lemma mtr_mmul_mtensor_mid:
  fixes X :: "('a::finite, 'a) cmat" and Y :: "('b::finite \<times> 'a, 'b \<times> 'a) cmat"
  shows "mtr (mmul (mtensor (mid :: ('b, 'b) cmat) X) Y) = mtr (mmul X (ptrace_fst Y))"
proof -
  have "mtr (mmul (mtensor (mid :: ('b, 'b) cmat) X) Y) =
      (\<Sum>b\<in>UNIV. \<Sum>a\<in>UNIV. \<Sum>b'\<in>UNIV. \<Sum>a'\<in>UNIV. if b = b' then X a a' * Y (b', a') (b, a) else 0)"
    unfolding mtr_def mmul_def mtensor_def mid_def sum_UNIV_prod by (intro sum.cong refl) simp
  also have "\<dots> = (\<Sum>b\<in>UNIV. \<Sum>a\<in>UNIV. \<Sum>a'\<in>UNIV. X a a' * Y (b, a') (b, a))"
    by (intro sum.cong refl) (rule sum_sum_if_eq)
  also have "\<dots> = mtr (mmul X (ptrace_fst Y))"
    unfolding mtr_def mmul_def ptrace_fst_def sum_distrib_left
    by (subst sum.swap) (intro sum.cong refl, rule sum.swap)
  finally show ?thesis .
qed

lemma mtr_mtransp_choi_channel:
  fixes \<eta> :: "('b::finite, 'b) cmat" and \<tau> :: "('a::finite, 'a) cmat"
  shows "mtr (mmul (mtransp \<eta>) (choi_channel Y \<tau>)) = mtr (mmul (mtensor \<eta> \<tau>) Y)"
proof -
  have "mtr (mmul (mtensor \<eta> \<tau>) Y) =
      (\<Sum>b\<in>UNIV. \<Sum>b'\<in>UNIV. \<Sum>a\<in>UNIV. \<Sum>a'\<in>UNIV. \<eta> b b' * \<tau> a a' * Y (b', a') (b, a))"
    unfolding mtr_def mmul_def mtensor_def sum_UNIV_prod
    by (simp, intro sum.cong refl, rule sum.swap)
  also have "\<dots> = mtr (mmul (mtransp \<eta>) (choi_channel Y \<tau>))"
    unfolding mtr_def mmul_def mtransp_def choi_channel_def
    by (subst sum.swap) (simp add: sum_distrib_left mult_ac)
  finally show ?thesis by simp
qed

▬▬▬▬▬▬

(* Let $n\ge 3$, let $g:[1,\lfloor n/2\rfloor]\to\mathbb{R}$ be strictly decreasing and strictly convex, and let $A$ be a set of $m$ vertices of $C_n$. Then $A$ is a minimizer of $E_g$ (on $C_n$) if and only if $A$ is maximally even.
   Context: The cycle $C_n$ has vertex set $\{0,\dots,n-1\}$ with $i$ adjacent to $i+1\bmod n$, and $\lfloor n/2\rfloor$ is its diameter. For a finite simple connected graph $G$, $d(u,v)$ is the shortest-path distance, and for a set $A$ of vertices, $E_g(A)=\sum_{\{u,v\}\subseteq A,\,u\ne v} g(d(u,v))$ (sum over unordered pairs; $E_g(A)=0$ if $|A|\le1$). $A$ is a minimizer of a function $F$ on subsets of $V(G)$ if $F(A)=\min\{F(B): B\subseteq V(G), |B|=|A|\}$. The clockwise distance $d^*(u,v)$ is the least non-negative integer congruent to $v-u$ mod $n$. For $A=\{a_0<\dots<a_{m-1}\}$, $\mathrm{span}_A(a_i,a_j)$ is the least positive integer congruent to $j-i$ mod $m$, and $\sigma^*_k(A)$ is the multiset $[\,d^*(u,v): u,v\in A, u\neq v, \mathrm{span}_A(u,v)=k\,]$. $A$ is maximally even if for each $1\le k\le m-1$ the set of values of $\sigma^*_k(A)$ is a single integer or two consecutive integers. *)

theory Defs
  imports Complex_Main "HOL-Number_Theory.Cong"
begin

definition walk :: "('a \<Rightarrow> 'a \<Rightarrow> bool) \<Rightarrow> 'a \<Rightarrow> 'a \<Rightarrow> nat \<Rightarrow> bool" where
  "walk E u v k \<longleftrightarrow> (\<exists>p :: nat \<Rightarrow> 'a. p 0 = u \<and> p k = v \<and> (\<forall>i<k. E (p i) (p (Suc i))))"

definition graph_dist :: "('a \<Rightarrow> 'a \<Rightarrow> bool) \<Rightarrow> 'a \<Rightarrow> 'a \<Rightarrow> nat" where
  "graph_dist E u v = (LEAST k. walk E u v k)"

▬▬▬▬▬▬

### WHAT YOU SHOULD DO
All lines above that include the word "where" should be located and copied.

### RESULT OF THIS EXERCISE
definition walk :: "('a \<Rightarrow> 'a \<Rightarrow> bool) \<Rightarrow> 'a \<Rightarrow> 'a \<Rightarrow> nat \<Rightarrow> bool" where
definition graph_dist :: "('a \<Rightarrow> 'a \<Rightarrow> bool) \<Rightarrow> 'a \<Rightarrow> 'a \<Rightarrow> nat" where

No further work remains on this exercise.